[Data entries]
*****
(* Let $\vec f=(f_1,\dots,f_n)$ be a profile of acknowledgement-based protocols. The following are equivalent: (i) $\vec f$ is an equilibrium; (ii) for every player $i\in[n]$: (a) $C_i^{(\vec f_{-i},g_i)}(h_0)=C_i^{(\vec f_{-i},r_i)}(h_0)=C_i^{\vec f}(h_0)$ for all $g_i,r_i\in\mathcal G_i^{\vec f}$, and (b) $C_i^{(\vec f_{-i},g_i)}(h_0)\le C_i^{(\vec f_{-i},r_i)}(h_0)$ for all $g_i\in\mathcal G_i^{\vec f}$ and all protocols $r_i\notin\mathcal G_i^{\vec f}$ of player $i$.
   Context: Contention game: $n$ players, channels $K=\{1,\dots,k\}$, slots $t=1,2,\dots$; each player has one packet, initially pending; in each slot a pending player chooses (possibly randomly) an action in $A=\{0,1,\dots,k\}$ ($0$ = idle, $a$ = transmit on channel $a$); a lone transmitter on a channel succeeds and leaves, colliding transmitters remain pending. $X_{i,t}$ is player $i$'s action at slot $t$, $h_{i,t}$ her personal history. Acknowledgement-based protocols: decision rules depend only on $h_{i,t-1}$; only transmitting players learn whether they succeeded. $T_i$ is player $i$'s latency and $C_i^{\vec g}(h_0)=\mathbb E[T_i\mid\vec g]$ her unconditional expected latency under profile $\vec g$; $(\vec f_{-i},g_i)$ is $\vec f$ with $f_i$ replaced by $g_i$. $\vec f$ is an equilibrium if for every $i$, slot $t$ and history, player $i$ cannot decrease her conditional expected latency by unilaterally deviating after $t$. For $\tau^*\ge1$ and $h_{i,\tau^*}=(a_{i,1},\dots,a_{i,\tau^*})$, $g_i(h_{i,\tau^*})$ plays $a_{i,t}$ with probability $1$ for $1\le t\le\tau^*$ and follows $f_{i,t}$ for $t>\tau^*$. $h_{i,\tau^*}$ is consistent with $\vec f$ if it occurs for player $i$ with positive probability under $\vec f$; $\mathcal G_i^{\vec f}$ is the set of all $g_i(h_{i,\tau^*})$, $\tau^*\ge1$, with $h_{i,\tau^*}$ consistent with $\vec f$. *)

theory Defs
  imports "HOL-Probability.Probability"
begin

text \<open>
  Players are 0,...,n-1; actions are naturals, 0 = idle, a in {1..k} = transmit on channel a.
  A player's personal history is the list of her own past actions (while pending, all her
  transmissions failed).
  The global state records, for every player, her action history and whether she has succeeded.
\<close>

type_synonym protocol = "nat list \<Rightarrow> nat pmf"
type_synonym profile = "nat \<Rightarrow> protocol"
type_synonym gstate = "nat \<Rightarrow> nat list \<times> bool"

definition is_protocol :: "nat \<Rightarrow> protocol \<Rightarrow> bool" where
  "is_protocol k f \<longleftrightarrow> (\<forall>hs. set_pmf (f hs) \<subseteq> {0..k})"

definition pending :: "gstate \<Rightarrow> nat \<Rightarrow> bool" where
  "pending s j \<longleftrightarrow> \<not> snd (s j)"

fun sample_actions :: "profile \<Rightarrow> gstate \<Rightarrow> nat \<Rightarrow> (nat \<Rightarrow> nat) pmf" where
  "sample_actions f s 0 = return_pmf (\<lambda>_. 0)"
| "sample_actions f s (Suc m) =
     bind_pmf (sample_actions f s m) (\<lambda>a.
     bind_pmf (if pending s m then f m (fst (s m)) else return_pmf 0) (\<lambda>x.
     return_pmf (a(m := x))))"

definition outcome :: "nat \<Rightarrow> gstate \<Rightarrow> (nat \<Rightarrow> nat) \<Rightarrow> gstate" where
  "outcome n s a = (\<lambda>j. if j < n \<and> pending s j then
       (fst (s j) @ [a j],
        a j \<noteq> 0 \<and> (\<forall>l<n. l \<noteq> j \<and> pending s l \<longrightarrow> a l \<noteq> a j))
     else s j)"

definition step :: "nat \<Rightarrow> profile \<Rightarrow> gstate \<Rightarrow> gstate pmf" where
  "step n f s = map_pmf (outcome n s) (sample_actions f s n)"

definition init_state :: gstate where
  "init_state = (\<lambda>_. ([], False))"

fun run :: "nat \<Rightarrow> profile \<Rightarrow> nat \<Rightarrow> gstate pmf" where
  "run n f 0 = return_pmf init_state"
| "run n f (Suc t) = bind_pmf (run n f t) (step n f)"

text \<open>Unconditional expected latency C_i^f(h_0) = E[T_i] = sum_{t>=0} P(T_i > t),
  where T_i > t iff player i is still pending after t slots (value in [0,\<infinity>]).\<close>
definition exp_latency :: "nat \<Rightarrow> profile \<Rightarrow> nat \<Rightarrow> ennreal" where
  "exp_latency n f i = (\<Sum>t. ennreal (measure_pmf.prob (run n f t) {s. pending s i}))"

definition hist_prob :: "nat \<Rightarrow> profile \<Rightarrow> nat \<Rightarrow> nat list \<Rightarrow> real" where
  "hist_prob n f i h = measure_pmf.prob (run n f (length h)) {s. pending s i \<and> fst (s i) = h}"

text \<open>Conditional expected latency E[T_i | player i pending with history h after |h| slots]
  = sum_t P(T_i > t | history h).\<close>
definition cond_latency :: "nat \<Rightarrow> profile \<Rightarrow> nat \<Rightarrow> nat list \<Rightarrow> ennreal" where
  "cond_latency n f i h = (\<Sum>t. if t < length h then 1 else
      ennreal (measure_pmf.prob (run n f t)
                 {s. pending s i \<and> take (length h) (fst (s i)) = h} / hist_prob n f i h))"

definition equilibrium :: "nat \<Rightarrow> nat \<Rightarrow> profile \<Rightarrow> bool" where
  "equilibrium n k f \<longleftrightarrow>
     (\<forall>i<n. \<forall>h. hist_prob n f i h > 0 \<longrightarrow>
        (\<forall>g. is_protocol k g \<longrightarrow> (\<forall>hs. length hs < length h \<longrightarrow> g hs = f i hs) \<longrightarrow>
             cond_latency n f i h \<le> cond_latency n (f(i := g)) i h))"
*****
__EXERCISE GOAL__.
Search the data above for the string "forall" and report each line that holds it.

__TASK ANSWER__.
  "is_protocol k f \<longleftrightarrow> (\<forall>hs. set_pmf (f hs) \<subseteq> {0..k})"
        a j \<noteq> 0 \<and> (\<forall>l<n. l \<noteq> j \<and> pending s l \<longrightarrow> a l \<noteq> a j))
     (\<forall>i<n. \<forall>h. hist_prob n f i h > 0 \<longrightarrow>
        (\<forall>g. is_protocol k g \<longrightarrow> (\<forall>hs. length hs < length h \<longrightarrow> g hs = f i hs) \<longrightarrow>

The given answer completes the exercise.